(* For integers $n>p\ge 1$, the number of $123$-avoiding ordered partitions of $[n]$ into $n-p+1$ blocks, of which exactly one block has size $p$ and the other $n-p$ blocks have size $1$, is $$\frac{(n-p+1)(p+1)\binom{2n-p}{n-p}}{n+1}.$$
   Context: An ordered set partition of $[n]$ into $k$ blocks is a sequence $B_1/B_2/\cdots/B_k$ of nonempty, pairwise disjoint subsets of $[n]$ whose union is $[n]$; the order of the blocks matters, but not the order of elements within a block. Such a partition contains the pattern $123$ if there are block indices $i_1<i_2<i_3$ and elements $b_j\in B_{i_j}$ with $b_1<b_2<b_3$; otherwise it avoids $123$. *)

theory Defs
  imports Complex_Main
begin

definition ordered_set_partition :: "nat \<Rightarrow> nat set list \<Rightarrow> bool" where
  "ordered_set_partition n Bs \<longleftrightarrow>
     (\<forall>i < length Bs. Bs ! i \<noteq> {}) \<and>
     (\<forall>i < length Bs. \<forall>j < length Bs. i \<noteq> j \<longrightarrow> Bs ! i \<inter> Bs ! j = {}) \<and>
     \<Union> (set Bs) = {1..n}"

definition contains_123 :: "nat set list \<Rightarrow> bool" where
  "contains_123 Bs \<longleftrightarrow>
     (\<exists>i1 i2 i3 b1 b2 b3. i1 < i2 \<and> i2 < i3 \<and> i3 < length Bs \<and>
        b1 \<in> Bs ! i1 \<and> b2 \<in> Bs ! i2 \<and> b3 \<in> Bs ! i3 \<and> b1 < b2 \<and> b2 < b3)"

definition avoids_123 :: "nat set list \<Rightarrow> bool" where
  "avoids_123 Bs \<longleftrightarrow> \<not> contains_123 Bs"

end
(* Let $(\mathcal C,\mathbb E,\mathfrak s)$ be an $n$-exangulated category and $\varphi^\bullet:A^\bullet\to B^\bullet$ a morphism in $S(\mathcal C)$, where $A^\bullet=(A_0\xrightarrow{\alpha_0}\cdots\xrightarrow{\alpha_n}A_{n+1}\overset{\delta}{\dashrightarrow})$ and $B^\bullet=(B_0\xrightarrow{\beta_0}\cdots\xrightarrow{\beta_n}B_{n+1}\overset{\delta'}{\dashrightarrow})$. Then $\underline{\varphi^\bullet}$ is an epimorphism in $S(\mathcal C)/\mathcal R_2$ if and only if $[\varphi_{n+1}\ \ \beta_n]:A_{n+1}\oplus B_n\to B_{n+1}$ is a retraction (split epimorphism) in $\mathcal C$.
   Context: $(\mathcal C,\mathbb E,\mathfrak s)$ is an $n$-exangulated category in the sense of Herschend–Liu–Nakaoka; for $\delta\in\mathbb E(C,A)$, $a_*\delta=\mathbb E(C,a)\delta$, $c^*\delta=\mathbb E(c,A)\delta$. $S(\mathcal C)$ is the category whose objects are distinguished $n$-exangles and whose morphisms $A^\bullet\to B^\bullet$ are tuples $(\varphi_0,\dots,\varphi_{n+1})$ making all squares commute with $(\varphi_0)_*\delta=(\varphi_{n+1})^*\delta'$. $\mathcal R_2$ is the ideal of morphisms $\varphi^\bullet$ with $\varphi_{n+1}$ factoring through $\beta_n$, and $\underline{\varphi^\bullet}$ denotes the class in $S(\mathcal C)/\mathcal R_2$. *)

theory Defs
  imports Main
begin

☆ ☆ ☆ ☆

Task details. Reproduce the full listing word for word.

Response area.
(* For integers $n>p\ge 1$, the number of $123$-avoiding ordered partitions of $[n]$ into $n-p+1$ blocks, of which exactly one block has size $p$ and the other $n-p$ blocks have size $1$, is $$\frac{(n-p+1)(p+1)\binom{2n-p}{n-p}}{n+1}.$$
   Context: An ordered set partition of $[n]$ into $k$ blocks is a sequence $B_1/B_2/\cdots/B_k$ of nonempty, pairwise disjoint subsets of $[n]$ whose union is $[n]$; the order of the blocks matters, but not the order of elements within a block. Such a partition contains the pattern $123$ if there are block indices $i_1<i_2<i_3$ and elements $b_j\in B_{i_j}$ with $b_1<b_2<b_3$; otherwise it avoids $123$. *)

theory Defs
  imports Complex_Main
begin

definition ordered_set_partition :: "nat \<Rightarrow> nat set list \<Rightarrow> bool" where
  "ordered_set_partition n Bs \<longleftrightarrow>
     (\<forall>i < length Bs. Bs ! i \<noteq> {}) \<and>
     (\<forall>i < length Bs. \<forall>j < length Bs. i \<noteq> j \<longrightarrow> Bs ! i \<inter> Bs ! j = {}) \<and>
     \<Union> (set Bs) = {1..n}"

definition contains_123 :: "nat set list \<Rightarrow> bool" where
  "contains_123 Bs \<longleftrightarrow>
     (\<exists>i1 i2 i3 b1 b2 b3. i1 < i2 \<and> i2 < i3 \<and> i3 < length Bs \<and>
        b1 \<in> Bs ! i1 \<and> b2 \<in> Bs ! i2 \<and> b3 \<in> Bs ! i3 \<and> b1 < b2 \<and> b2 < b3)"

definition avoids_123 :: "nat set list \<Rightarrow> bool" where
  "avoids_123 Bs \<longleftrightarrow> \<not> contains_123 Bs"

end
(* Let $(\mathcal C,\mathbb E,\mathfrak s)$ be an $n$-exangulated category and $\varphi^\bullet:A^\bullet\to B^\bullet$ a morphism in $S(\mathcal C)$, where $A^\bullet=(A_0\xrightarrow{\alpha_0}\cdots\xrightarrow{\alpha_n}A_{n+1}\overset{\delta}{\dashrightarrow})$ and $B^\bullet=(B_0\xrightarrow{\beta_0}\cdots\xrightarrow{\beta_n}B_{n+1}\overset{\delta'}{\dashrightarrow})$. Then $\underline{\varphi^\bullet}$ is an epimorphism in $S(\mathcal C)/\mathcal R_2$ if and only if $[\varphi_{n+1}\ \ \beta_n]:A_{n+1}\oplus B_n\to B_{n+1}$ is a retraction (split epimorphism) in $\mathcal C$.
   Context: $(\mathcal C,\mathbb E,\mathfrak s)$ is an $n$-exangulated category in the sense of Herschend–Liu–Nakaoka; for $\delta\in\mathbb E(C,A)$, $a_*\delta=\mathbb E(C,a)\delta$, $c^*\delta=\mathbb E(c,A)\delta$. $S(\mathcal C)$ is the category whose objects are distinguished $n$-exangles and whose morphisms $A^\bullet\to B^\bullet$ are tuples $(\varphi_0,\dots,\varphi_{n+1})$ making all squares commute with $(\varphi_0)_*\delta=(\varphi_{n+1})^*\delta'$. $\mathcal R_2$ is the ideal of morphisms $\varphi^\bullet$ with $\varphi_{n+1}$ factoring through $\beta_n$, and $\underline{\varphi^\bullet}$ denotes the class in $S(\mathcal C)/\mathcal R_2$. *)

theory Defs
  imports Main
begin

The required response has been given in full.